-- Opening Marker --

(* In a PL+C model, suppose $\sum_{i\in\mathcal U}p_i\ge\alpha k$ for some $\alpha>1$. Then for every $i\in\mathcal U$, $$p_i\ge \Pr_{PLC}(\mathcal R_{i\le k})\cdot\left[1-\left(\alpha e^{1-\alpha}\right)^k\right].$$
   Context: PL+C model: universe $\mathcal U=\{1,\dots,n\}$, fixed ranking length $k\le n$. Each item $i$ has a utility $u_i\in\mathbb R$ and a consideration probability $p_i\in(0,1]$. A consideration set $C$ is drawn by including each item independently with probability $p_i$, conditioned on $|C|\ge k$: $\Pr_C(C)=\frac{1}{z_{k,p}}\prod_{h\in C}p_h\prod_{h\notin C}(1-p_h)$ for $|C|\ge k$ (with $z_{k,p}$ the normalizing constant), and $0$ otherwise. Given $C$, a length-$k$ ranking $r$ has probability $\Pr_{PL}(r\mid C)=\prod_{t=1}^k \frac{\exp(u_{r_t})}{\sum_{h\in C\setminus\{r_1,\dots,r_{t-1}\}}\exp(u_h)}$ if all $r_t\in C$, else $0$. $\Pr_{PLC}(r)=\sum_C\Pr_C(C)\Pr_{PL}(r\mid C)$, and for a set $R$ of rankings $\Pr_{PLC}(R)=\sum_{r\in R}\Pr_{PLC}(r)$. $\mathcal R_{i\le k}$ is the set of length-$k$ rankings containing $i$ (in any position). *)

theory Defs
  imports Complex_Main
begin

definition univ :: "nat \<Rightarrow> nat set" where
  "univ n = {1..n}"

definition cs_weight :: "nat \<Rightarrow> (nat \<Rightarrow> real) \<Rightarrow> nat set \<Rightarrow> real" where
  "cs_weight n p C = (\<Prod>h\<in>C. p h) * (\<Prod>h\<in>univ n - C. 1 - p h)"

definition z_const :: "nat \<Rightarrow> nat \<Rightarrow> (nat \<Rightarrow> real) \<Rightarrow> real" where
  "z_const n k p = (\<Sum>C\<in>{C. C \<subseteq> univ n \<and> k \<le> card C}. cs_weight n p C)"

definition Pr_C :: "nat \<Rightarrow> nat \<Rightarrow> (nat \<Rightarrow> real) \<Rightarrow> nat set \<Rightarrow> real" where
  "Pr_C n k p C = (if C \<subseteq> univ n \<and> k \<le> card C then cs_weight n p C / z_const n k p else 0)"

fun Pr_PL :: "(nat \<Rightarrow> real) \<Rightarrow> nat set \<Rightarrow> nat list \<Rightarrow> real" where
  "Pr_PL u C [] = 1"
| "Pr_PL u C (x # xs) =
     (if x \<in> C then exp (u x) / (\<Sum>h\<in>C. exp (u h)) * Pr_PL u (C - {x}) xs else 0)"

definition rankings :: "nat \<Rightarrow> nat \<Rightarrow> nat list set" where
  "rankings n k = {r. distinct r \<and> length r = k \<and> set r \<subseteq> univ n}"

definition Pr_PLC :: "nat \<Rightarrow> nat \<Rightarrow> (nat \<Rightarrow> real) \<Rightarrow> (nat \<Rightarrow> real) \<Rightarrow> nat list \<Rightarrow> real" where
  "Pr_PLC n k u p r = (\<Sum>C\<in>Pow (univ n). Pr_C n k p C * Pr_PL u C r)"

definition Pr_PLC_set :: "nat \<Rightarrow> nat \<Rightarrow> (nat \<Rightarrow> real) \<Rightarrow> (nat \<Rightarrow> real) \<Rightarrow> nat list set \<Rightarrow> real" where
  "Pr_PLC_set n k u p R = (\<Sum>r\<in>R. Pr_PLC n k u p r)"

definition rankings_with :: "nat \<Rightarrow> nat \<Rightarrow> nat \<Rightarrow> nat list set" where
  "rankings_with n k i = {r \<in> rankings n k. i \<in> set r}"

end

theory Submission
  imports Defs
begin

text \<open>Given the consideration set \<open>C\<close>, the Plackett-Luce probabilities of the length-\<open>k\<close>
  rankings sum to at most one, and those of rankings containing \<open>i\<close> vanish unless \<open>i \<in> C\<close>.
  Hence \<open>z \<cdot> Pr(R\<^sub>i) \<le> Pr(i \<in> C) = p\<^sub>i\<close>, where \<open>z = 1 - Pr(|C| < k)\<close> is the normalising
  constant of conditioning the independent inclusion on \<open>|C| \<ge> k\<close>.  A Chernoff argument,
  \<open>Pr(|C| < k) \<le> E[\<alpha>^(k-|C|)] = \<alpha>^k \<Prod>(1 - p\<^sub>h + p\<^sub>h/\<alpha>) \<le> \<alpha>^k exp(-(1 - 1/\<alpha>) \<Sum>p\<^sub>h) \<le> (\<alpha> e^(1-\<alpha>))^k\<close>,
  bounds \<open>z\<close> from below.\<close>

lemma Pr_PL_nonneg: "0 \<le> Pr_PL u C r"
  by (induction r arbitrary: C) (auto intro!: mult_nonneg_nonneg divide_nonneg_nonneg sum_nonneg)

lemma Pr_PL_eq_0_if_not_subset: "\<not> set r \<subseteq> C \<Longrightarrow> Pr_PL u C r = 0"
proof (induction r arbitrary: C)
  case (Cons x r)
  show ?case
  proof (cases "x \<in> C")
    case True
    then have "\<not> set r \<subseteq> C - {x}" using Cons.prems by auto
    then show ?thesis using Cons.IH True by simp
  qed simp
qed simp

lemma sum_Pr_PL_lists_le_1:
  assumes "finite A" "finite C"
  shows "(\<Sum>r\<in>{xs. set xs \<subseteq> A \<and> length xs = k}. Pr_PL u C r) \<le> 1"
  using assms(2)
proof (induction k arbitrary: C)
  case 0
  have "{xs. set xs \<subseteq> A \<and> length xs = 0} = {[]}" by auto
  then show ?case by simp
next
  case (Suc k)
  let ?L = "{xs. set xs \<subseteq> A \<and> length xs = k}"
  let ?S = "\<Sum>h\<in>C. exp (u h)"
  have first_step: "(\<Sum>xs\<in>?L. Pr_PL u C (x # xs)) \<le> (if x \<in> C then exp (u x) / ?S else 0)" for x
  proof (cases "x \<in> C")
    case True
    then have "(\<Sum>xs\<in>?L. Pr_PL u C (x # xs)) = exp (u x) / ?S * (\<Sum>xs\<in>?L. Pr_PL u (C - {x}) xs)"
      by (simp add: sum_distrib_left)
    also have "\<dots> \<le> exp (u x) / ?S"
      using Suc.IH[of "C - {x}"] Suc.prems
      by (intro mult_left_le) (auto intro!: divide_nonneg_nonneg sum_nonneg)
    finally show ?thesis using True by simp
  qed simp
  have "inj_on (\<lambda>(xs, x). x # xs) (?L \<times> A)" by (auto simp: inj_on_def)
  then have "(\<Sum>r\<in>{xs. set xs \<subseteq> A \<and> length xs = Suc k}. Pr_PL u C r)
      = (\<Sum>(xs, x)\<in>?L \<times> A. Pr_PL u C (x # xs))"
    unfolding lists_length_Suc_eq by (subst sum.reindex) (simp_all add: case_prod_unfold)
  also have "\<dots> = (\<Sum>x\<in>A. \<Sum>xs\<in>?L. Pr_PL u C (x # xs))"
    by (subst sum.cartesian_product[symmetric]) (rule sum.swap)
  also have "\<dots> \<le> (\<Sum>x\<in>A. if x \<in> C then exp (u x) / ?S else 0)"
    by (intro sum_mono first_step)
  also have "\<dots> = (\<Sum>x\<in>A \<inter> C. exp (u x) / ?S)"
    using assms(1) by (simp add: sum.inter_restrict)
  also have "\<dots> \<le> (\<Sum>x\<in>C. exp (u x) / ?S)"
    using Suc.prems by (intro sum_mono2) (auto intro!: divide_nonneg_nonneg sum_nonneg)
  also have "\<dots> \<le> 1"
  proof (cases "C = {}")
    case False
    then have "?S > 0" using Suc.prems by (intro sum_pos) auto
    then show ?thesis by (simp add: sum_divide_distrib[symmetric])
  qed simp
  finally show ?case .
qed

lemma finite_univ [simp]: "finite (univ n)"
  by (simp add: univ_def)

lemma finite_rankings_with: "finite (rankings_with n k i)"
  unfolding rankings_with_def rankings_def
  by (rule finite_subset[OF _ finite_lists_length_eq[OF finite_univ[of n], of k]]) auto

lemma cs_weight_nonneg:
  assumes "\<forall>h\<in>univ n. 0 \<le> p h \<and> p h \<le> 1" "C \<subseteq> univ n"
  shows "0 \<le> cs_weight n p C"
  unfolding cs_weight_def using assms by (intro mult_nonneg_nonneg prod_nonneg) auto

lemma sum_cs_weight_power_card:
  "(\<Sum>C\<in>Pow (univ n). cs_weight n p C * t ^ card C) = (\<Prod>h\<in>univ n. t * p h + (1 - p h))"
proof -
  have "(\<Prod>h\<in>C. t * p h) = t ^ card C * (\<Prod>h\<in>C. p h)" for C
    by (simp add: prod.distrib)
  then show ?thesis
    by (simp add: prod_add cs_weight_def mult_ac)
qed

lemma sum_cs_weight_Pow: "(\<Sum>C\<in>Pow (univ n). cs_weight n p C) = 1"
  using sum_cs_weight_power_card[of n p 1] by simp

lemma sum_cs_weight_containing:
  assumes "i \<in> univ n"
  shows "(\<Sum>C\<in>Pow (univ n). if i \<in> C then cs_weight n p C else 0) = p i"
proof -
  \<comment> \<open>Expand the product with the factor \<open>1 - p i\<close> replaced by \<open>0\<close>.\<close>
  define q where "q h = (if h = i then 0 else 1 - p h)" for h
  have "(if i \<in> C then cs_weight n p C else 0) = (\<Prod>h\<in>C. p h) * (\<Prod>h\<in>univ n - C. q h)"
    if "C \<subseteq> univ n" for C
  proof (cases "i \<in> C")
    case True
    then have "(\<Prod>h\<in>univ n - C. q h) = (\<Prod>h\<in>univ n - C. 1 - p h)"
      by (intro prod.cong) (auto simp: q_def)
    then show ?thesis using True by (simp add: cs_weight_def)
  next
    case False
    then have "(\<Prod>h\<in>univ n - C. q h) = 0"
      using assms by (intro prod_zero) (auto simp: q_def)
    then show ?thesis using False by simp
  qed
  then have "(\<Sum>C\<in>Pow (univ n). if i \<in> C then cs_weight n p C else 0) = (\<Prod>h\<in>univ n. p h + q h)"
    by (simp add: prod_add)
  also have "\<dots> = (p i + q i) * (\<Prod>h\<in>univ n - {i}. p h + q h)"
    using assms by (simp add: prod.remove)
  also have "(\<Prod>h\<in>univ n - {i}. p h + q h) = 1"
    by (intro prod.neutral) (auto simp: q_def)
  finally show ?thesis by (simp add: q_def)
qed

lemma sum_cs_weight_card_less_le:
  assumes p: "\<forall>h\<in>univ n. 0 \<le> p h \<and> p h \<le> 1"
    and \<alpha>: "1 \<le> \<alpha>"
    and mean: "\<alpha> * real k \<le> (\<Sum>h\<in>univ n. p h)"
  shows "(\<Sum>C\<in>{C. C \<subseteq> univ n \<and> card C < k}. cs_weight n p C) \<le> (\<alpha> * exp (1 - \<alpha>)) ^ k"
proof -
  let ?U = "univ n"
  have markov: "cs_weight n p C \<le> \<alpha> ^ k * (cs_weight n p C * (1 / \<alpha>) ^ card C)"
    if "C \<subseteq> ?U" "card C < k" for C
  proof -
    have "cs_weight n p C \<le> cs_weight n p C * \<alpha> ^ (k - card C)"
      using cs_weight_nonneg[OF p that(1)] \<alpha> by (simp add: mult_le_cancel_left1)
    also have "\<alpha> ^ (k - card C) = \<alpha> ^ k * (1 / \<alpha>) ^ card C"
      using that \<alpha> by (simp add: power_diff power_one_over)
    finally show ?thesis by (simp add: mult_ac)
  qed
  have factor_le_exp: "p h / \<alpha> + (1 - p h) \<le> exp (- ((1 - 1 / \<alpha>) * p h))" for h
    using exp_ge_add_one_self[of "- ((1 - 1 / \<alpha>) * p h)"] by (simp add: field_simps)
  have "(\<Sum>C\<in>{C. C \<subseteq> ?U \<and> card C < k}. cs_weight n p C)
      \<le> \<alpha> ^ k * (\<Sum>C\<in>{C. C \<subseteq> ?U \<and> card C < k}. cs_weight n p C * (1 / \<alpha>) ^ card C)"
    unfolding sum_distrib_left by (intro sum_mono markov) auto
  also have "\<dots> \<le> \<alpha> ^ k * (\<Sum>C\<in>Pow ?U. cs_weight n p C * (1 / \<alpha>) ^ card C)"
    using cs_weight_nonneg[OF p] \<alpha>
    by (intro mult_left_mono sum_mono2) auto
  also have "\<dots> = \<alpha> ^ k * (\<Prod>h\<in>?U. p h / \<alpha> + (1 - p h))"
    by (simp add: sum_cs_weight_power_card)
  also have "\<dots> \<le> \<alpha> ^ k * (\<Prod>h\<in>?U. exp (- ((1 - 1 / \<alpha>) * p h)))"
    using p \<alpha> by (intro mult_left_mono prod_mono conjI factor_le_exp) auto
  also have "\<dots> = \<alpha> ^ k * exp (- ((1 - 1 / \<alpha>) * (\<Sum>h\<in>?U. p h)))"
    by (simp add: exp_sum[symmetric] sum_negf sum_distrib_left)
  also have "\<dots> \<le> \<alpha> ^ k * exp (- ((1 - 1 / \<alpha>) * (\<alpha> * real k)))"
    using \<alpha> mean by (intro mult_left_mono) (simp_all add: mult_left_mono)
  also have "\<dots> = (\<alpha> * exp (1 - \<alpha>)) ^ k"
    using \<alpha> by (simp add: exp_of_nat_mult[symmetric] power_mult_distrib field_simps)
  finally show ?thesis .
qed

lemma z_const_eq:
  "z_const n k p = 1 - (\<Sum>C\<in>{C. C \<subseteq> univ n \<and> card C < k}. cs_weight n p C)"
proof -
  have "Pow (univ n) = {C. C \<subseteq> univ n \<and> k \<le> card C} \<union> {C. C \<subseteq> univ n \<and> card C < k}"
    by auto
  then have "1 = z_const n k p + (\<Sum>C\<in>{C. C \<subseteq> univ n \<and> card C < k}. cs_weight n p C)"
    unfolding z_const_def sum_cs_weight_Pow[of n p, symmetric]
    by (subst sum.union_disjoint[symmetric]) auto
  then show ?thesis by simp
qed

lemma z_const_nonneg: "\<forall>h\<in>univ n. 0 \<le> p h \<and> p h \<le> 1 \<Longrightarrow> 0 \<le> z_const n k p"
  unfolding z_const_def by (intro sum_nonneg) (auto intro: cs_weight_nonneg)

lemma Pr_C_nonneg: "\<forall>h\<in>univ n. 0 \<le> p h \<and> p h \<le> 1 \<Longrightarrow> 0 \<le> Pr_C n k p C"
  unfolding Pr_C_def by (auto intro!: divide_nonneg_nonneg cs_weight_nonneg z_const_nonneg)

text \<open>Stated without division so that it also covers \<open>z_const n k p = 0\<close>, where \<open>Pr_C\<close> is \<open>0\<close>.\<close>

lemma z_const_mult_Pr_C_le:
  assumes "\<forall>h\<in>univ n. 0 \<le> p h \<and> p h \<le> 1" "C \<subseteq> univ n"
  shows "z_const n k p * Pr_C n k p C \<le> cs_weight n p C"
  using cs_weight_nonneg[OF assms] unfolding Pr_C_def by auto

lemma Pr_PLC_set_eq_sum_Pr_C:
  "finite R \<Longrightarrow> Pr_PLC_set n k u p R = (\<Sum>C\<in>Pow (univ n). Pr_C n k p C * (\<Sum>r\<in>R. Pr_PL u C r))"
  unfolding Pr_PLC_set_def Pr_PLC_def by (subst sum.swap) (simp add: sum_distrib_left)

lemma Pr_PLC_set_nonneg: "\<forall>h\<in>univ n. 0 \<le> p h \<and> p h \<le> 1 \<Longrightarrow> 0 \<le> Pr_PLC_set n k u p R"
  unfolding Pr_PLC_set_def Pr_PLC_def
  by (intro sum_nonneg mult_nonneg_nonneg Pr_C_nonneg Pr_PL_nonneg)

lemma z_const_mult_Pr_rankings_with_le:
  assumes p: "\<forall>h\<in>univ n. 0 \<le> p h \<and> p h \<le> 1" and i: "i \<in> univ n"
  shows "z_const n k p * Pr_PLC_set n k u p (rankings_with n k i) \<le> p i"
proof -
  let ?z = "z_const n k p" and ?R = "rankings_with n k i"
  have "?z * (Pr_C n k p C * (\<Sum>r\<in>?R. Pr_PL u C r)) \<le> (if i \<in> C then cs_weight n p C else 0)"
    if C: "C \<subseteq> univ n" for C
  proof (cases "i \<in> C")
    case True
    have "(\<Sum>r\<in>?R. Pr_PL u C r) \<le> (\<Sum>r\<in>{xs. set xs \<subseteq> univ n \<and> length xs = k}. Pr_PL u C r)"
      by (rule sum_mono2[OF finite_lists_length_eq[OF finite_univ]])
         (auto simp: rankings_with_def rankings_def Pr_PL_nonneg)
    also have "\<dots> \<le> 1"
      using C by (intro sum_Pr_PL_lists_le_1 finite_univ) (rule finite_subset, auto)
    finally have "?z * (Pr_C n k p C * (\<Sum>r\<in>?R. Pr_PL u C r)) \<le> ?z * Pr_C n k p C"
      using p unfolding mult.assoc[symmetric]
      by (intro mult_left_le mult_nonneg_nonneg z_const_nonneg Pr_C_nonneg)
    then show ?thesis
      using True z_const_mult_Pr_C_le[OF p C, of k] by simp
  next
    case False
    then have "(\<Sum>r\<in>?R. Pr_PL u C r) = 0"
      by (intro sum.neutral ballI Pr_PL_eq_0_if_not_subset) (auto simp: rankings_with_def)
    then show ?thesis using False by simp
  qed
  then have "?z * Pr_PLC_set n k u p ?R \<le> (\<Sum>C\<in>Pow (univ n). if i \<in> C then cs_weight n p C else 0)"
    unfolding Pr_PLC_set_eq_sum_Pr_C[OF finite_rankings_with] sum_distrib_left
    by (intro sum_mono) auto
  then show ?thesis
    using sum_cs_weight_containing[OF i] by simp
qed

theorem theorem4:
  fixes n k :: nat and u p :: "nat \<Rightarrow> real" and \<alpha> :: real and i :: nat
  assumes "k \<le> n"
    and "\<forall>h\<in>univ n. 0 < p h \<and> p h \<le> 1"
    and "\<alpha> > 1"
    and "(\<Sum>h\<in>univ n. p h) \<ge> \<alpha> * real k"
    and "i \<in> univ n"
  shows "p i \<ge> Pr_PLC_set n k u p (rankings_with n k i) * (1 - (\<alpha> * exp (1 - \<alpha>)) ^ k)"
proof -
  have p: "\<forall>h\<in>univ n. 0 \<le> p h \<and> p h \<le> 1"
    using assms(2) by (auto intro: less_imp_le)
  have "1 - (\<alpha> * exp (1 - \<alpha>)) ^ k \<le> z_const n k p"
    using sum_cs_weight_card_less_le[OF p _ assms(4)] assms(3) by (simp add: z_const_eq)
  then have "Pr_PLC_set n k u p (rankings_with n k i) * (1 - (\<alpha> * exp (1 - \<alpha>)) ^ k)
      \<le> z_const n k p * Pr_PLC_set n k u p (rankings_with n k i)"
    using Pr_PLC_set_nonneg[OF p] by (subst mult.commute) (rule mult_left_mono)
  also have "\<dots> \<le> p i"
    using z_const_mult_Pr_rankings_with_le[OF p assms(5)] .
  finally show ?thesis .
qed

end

-- Closing Marker --

Please reproduce exactly the lines in the listing above from the one containing "using C by (intro" through the one containing "using sum_cs_weight_card_less_le[OF p", both included, and nothing more.

      using C by (intro sum_Pr_PL_lists_le_1 finite_univ) (rule finite_subset, auto)
    finally have "?z * (Pr_C n k p C * (\<Sum>r\<in>?R. Pr_PL u C r)) \<le> ?z * Pr_C n k p C"
      using p unfolding mult.assoc[symmetric]
      by (intro mult_left_le mult_nonneg_nonneg z_const_nonneg Pr_C_nonneg)
    then show ?thesis
      using True z_const_mult_Pr_C_le[OF p C, of k] by simp
  next
    case False
    then have "(\<Sum>r\<in>?R. Pr_PL u C r) = 0"
      by (intro sum.neutral ballI Pr_PL_eq_0_if_not_subset) (auto simp: rankings_with_def)
    then show ?thesis using False by simp
  qed
  then have "?z * Pr_PLC_set n k u p ?R \<le> (\<Sum>C\<in>Pow (univ n). if i \<in> C then cs_weight n p C else 0)"
    unfolding Pr_PLC_set_eq_sum_Pr_C[OF finite_rankings_with] sum_distrib_left
    by (intro sum_mono) auto
  then show ?thesis
    using sum_cs_weight_containing[OF i] by simp
qed

theorem theorem4:
  fixes n k :: nat and u p :: "nat \<Rightarrow> real" and \<alpha> :: real and i :: nat
  assumes "k \<le> n"
    and "\<forall>h\<in>univ n. 0 < p h \<and> p h \<le> 1"
    and "\<alpha> > 1"
    and "(\<Sum>h\<in>univ n. p h) \<ge> \<alpha> * real k"
    and "i \<in> univ n"
  shows "p i \<ge> Pr_PLC_set n k u p (rankings_with n k i) * (1 - (\<alpha> * exp (1 - \<alpha>)) ^ k)"
proof -
  have p: "\<forall>h\<in>univ n. 0 \<le> p h \<and> p h \<le> 1"
    using assms(2) by (auto intro: less_imp_le)
  have "1 - (\<alpha> * exp (1 - \<alpha>)) ^ k \<le> z_const n k p"
    using sum_cs_weight_card_less_le[OF p _ assms(4)] assms(3) by (simp add: z_const_eq)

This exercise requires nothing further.